What determines share ownership?
[27] In addition to subscribers at registration, those who agree to become members and whose names are entered in its register of members are also members of a company [section 30 Companies Act Cap. 247]. After the memorandum and articles are registered both the company and the members become bound “to the same extent as if they respectively had been signed and sealed by each member to observe all the provisions” [section 24].
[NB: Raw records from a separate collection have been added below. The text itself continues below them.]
lemma averages_tendsto_eventually_const:
  fixes z :: "nat \<Rightarrow> 'a::real_normed_field"
  assumes "\<And>n. k \<le> n \<Longrightarrow> z n = y"
  shows "(\<lambda>n. (1 / of_nat n) * (\<Sum>j<n. z j)) \<longlonglongrightarrow> y"
proof -
  define A where "A = (\<Sum>j<k. z j - y)"
  have "A / of_nat n + y = (1 / of_nat n) * (\<Sum>j<n. z j)" if "max k 1 \<le> n" for n
  proof -
    have "(\<Sum>j<n. z j) = (\<Sum>j<n. z j - y) + of_nat n * y"
      by (simp add: sum_subtractf)
    also have "(\<Sum>j<n. z j - y) = A"
      unfolding A_def using that assms by (intro sum.mono_neutral_right) auto
    finally show ?thesis using that by (simp add: field_simps)
  qed
  then have "\<forall>\<^sub>F n in sequentially. A / of_nat n + y = (1 / of_nat n) * (\<Sum>j<n. z j)"
    using eventually_ge_at_top by (rule eventually_mono[rotated])
  moreover have "(\<lambda>n. A * (1 / of_nat n) + y) \<longlonglongrightarrow> A * 0 + y"
    by (intro tendsto_intros lim_1_over_n)
  ultimately show ?thesis by (auto elim: Lim_transform_eventually)
qed

lemma averages_tendsto_fixed_point:
  assumes "T ((T ^^ k) t) = (T ^^ k) t"
  shows "(\<lambda>n. (1 / of_nat n) * (\<Sum>j<n. f ((T ^^ j) t))) \<longlonglongrightarrow>
    (f ((T ^^ k) t) :: 'a::real_normed_field)"
proof (rule averages_tendsto_eventually_const)
  have stays: "(T ^^ (i + k)) t = (T ^^ k) t" for i
    by (induction i) (simp_all add: assms)
  show "f ((T ^^ n) t) = f ((T ^^ k) t)" if "k \<le> n" for n
    using that stays[of "n - k"] by simp
qed

lemma averages_not_tendsto_1:
  fixes G :: "nat \<Rightarrow> real"
  assumes G01: "\<And>k. 0 \<le> G k" "\<And>k. G k \<le> 1"
    and isolated: "\<And>k. 0 < G k \<Longrightarrow> G (Suc k) = 0"
  shows "\<not> (\<lambda>n. (\<Sum>k<n. G k) / of_nat n) \<longlonglongrightarrow> 1"
proof
  have pair: "G k + G (Suc k) \<le> 1" for k
    using isolated[of k] G01[of k] G01[of "Suc k"] by (cases "G k > 0") auto
  have bound: "2 * (\<Sum>k<n. G k) + G n \<le> of_nat n + 1" for n
  proof (induction n)
    case (Suc n)
    then show ?case using pair[of n] by simp
  qed (use G01 in simp)
  assume "(\<lambda>n. (\<Sum>k<n. G k) / of_nat n) \<longlonglongrightarrow> 1"
  then have "\<forall>\<^sub>F n in sequentially. 3/4 < (\<Sum>k<n. G k) / of_nat n"
    by (rule order_tendstoD) simp
  then have "\<forall>\<^sub>F n in sequentially. 3/4 < (\<Sum>k<n. G k) / of_nat n \<and> 2 \<le> n"
    using eventually_ge_at_top by (rule eventually_conj)
  then obtain n where n: "3/4 < (\<Sum>k<n. G k) / of_nat n" "2 \<le> n"
    using eventually_happens'[OF sequentially_bot] by blast
  then have "3/4 * of_nat n < (\<Sum>k<n. G k)" by (simp add: field_simps)
  with bound[of n] G01(1)[of n] n(2) show False by linarith
qed

definition lattice :: "real \<Rightarrow> real set" where
  "lattice p = range (\<lambda>n::int. of_int n * p)"

lemma infdist_lattice: "infdist y (lattice p) = (INF n. \<bar>y - of_int n * p\<bar>)"
  by (simp add: infdist_notempty lattice_def dist_real_def image_image)

lemma infdist_lattice_ge: "(\<And>n::int. e \<le> \<bar>y - of_int n * p\<bar>) \<Longrightarrow> e \<le> infdist y (lattice p)"
  unfolding infdist_lattice by (rule cINF_greatest) auto

lemma infdist_lattice_lt:
  "infdist y (lattice p) < e \<Longrightarrow> \<exists>n::int. \<bar>y - of_int n * p\<bar> < e"
  using infdist_lattice_ge[of e y p] by (meson not_le)

lemma infdist_lattice_shift_le: "infdist (y + of_int k * p) (lattice p) \<le> infdist y (lattice p)"
proof (rule infdist_lattice_ge)
  fix n :: int
  have "of_int (n + k) * p \<in> lattice p"
    unfolding lattice_def by (rule range_eqI[of _ _ "n + k"]) simp
  then have "infdist (y + of_int k * p) (lattice p) \<le> dist (y + of_int k * p) (of_int (n + k) * p)"
    by (rule infdist_le)
  also have "\<dots> = \<bar>y - of_int n * p\<bar>"
    by (simp add: dist_real_def algebra_simps)
  finally show "infdist (y + of_int k * p) (lattice p) \<le> \<bar>y - of_int n * p\<bar>" .
qed

lemma infdist_lattice_periodic: "infdist (y + p) (lattice p) = infdist y (lattice p)"
  using infdist_lattice_shift_le[of y 1 p] infdist_lattice_shift_le[of "y + p" "-1" p] by simp

definition lattice_bump :: "real \<Rightarrow> real \<Rightarrow> real \<Rightarrow> real" where
  "lattice_bump p \<epsilon> y = max 0 (1 - infdist y (lattice p) / \<epsilon>)"

lemma continuous_on_lattice_bump: "continuous_on A (lattice_bump p \<epsilon>)"
  unfolding lattice_bump_def divide_inverse by (intro continuous_intros)

lemma lattice_bump_periodic: "lattice_bump p \<epsilon> (y + p) = lattice_bump p \<epsilon> y"
  by (simp add: lattice_bump_def infdist_lattice_periodic)

lemma lattice_bump_0 [simp]: "lattice_bump p \<epsilon> 0 = 1"
proof -
  have "0 \<in> lattice p" unfolding lattice_def by (rule range_eqI[of _ _ 0]) simp
  then show ?thesis by (simp add: lattice_bump_def)
qed

lemma lattice_bump_bounds: "0 < \<epsilon> \<Longrightarrow> 0 \<le> lattice_bump p \<epsilon> y \<and> lattice_bump p \<epsilon> y \<le> 1"
  using infdist_nonneg[of y "lattice p"] by (simp add: lattice_bump_def)

lemma lattice_bump_pos_imp_near:
  assumes "0 < \<epsilon>" "0 < lattice_bump p \<epsilon> y"
  shows "\<exists>n::int. \<bar>y - of_int n * p\<bar> < \<epsilon>"
proof (rule infdist_lattice_lt)
  show "infdist y (lattice p) < \<epsilon>"
    using assms by (auto simp: lattice_bump_def less_max_iff_disj field_simps)
qed

lemma lattice_bump_far_eq_0:
  assumes "0 < \<epsilon>" "\<And>n::int. \<epsilon> \<le> \<bar>y - of_int n * p\<bar>"
  shows "lattice_bump p \<epsilon> y = 0"
  using infdist_lattice_ge[OF assms(2)] assms(1) by (simp add: lattice_bump_def)

definition right_tendsto :: "(nat \<Rightarrow> real) \<Rightarrow> real \<Rightarrow> bool" where
  "right_tendsto z \<tau> \<longleftrightarrow> (\<forall>\<epsilon>>0. \<forall>\<^sub>F n in sequentially. \<tau> \<le> z n \<and> z n < \<tau> + \<epsilon>)"

definition right_accumulation :: "(nat \<Rightarrow> real) \<Rightarrow> real \<Rightarrow> bool" where
  "right_accumulation z \<tau> \<longleftrightarrow> (\<forall>\<epsilon>>0. \<exists>\<^sub>F n in sequentially. \<tau> \<le> z n \<and> z n < \<tau> + \<epsilon>)"

lemma right_tendsto_eventually_ge: "right_tendsto z \<tau> \<Longrightarrow> \<forall>\<^sub>F n in sequentially. \<tau> \<le> z n"
  unfolding right_tendsto_def by (metis (mono_tags, lifting) eventually_mono zero_less_one)

lemma right_tendsto_eventually_less:
  "right_tendsto z \<tau> \<Longrightarrow> \<tau> < u \<Longrightarrow> \<forall>\<^sub>F n in sequentially. z n < u"
  unfolding right_tendsto_def by (drule spec[of _ "u - \<tau>"]) (auto elim: eventually_mono)

lemma right_tendsto_less:
  assumes "right_tendsto z \<tau>" "\<forall>\<^sub>F n in sequentially. z n < u"
  shows "\<tau> < u"
proof -
  have "\<forall>\<^sub>F n in sequentially. \<tau> < u"
    using right_tendsto_eventually_ge[OF assms(1)] assms(2) by eventually_elim simp
  then show ?thesis by simp
qed

lemma right_tendsto_cong:
  assumes "right_tendsto z \<tau>" "\<forall>\<^sub>F n in sequentially. z n = z' n"
  shows "right_tendsto z' \<tau>"
  unfolding right_tendsto_def
proof (intro allI impI)
  fix \<epsilon> :: real assume "0 < \<epsilon>"
  with assms(1) have "\<forall>\<^sub>F n in sequentially. \<tau> \<le> z n \<and> z n < \<tau> + \<epsilon>"
    by (simp add: right_tendsto_def)
  with assms(2) show "\<forall>\<^sub>F n in sequentially. \<tau> \<le> z' n \<and> z' n < \<tau> + \<epsilon>"
    by eventually_elim auto
qed

lemma right_tendsto_add_const: "right_tendsto z \<tau> \<Longrightarrow> right_tendsto (\<lambda>n. z n + s) (\<tau> + s)"
  unfolding right_tendsto_def by (auto elim!: allE impE elim: eventually_mono)

lemma right_tendsto_rmod:
  assumes "0 < m" "right_tendsto z \<tau>"
  shows "right_tendsto (\<lambda>n. z n rmod m) (\<tau> rmod m)"
  unfolding right_tendsto_def
proof (intro allI impI)
  fix \<epsilon> :: real assume "0 < \<epsilon>"
  define q where "q = \<tau> rmod m"
  have \<tau>: "\<tau> = q + of_int \<lfloor>\<tau> / m\<rfloor> * m" using rmod_decomp[OF assms(1)] by (simp add: q_def)
  have q: "0 \<le> q" "q < m" using assms(1) by (simp_all add: q_def rmod_nonneg rmod_less)
  have "0 < min \<epsilon> (m - q)" using \<open>0 < \<epsilon>\<close> q by simp
  with assms(2) have "\<forall>\<^sub>F n in sequentially. \<tau> \<le> z n \<and> z n < \<tau> + min \<epsilon> (m - q)"
    by (simp add: right_tendsto_def)
  then show "\<forall>\<^sub>F n in sequentially. q \<le> z n rmod m \<and> z n rmod m < q + \<epsilon>"
  proof eventually_elim
    case (elim n)
    have "z n rmod m = q + (z n - \<tau>)"
      using elim q \<tau> by (intro rmod_unique[where n = "\<lfloor>\<tau> / m\<rfloor>"]) (auto simp: abs_of_pos assms(1))
    moreover have "min \<epsilon> (m - q) \<le> \<epsilon>" by simp
    ultimately show ?case using elim by linarith
  qed
qed

lemma right_tendsto_rmod_add:
  "0 < m \<Longrightarrow> right_tendsto z \<tau> \<Longrightarrow> right_tendsto (\<lambda>n. (z n + s) rmod m) ((\<tau> + s) rmod m)"
  using right_tendsto_rmod right_tendsto_add_const by blast

lemma right_accumulation_imp_subseq:
  assumes "right_accumulation z \<tau>"
  obtains r where "\<And>n. n \<le> r n" "right_tendsto (\<lambda>n. z (r n)) \<tau>"
proof
  define r where "r n = (SOME k. n \<le> k \<and> \<tau> \<le> z k \<and> z k < \<tau> + 1 / Suc n)" for n
  have r: "n \<le> r n \<and> \<tau> \<le> z (r n) \<and> z (r n) < \<tau> + 1 / Suc n" for n
    unfolding r_def
  proof (rule someI_ex)
    have "0 < 1 / real (Suc n)" by simp
    with assms show "\<exists>k. n \<le> k \<and> \<tau> \<le> z k \<and> z k < \<tau> + 1 / Suc n"
      unfolding right_accumulation_def frequently_sequentially by blast
  qed
  then show "n \<le> r n" for n by blast
  show "right_tendsto (\<lambda>n. z (r n)) \<tau>"
    unfolding right_tendsto_def
  proof (intro allI impI)
    fix \<epsilon> :: real assume "0 < \<epsilon>"
    with LIMSEQ_inverse_real_of_nat have "\<forall>\<^sub>F n in sequentially. inverse (real (Suc n)) < \<epsilon>"
      by (rule order_tendstoD)
    then show "\<forall>\<^sub>F n in sequentially. \<tau> \<le> z (r n) \<and> z (r n) < \<tau> + \<epsilon>"
    proof eventually_elim
      case (elim n)
      then show ?case using r[of n] by (simp add: inverse_eq_divide)
    qed
  qed
qed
[28] No trusts of any sort are to be entered on the register [section 121]. The Register of Members constitutes prima facie evidence of its contents [section 122]: but the evidential effect of the register may be displaced by other relevant evidence: Shropshire Union Canal Co v Anderson (1849) 3 Ex 399 at 403; Metropolitan Milk Supply (Greater Brisbane) Ltd v Paulsen [1933] St. R. Qd 53 at p74. The court has power to rectify entries in the register [section 120]. In this case on 7.2.01 the register had been taken from the registered office of the company by the 3 Defendants [Chaudhary, Prasad, Thompson] on the pretext of a company meeting. The removal of company papers from the registered office has never been denied. Though secondary evidence was given of the entries on the register by Chaudhary, the register, or extracts from it, which was then in their custody were never exhibited by the Defendants. I shall return to this fact further on.
[29] By virtue of section 79 of the Act transfers of shares cannot be registered “unless a proper instrument of transfer has been delivered to the company.” Shares are stated to be “personal property transferable in manner provided by the articles of the company” [section 77]. In Nanney v Morgan [1887] UKLawRpCh 216; [1887] 37 Ch.D 346 at p354 Cotton L J said:
“I do not place any reliance on the transferee being entered on the register, because when a deed of transfer duly executed is left with the secretary, it becomes the duty of the company to register the transferee as entitled to the shares, and the mere neglect of the company to do that, will not in my opinion affect the right of the transferee to be treated as the legal owner of the shares.”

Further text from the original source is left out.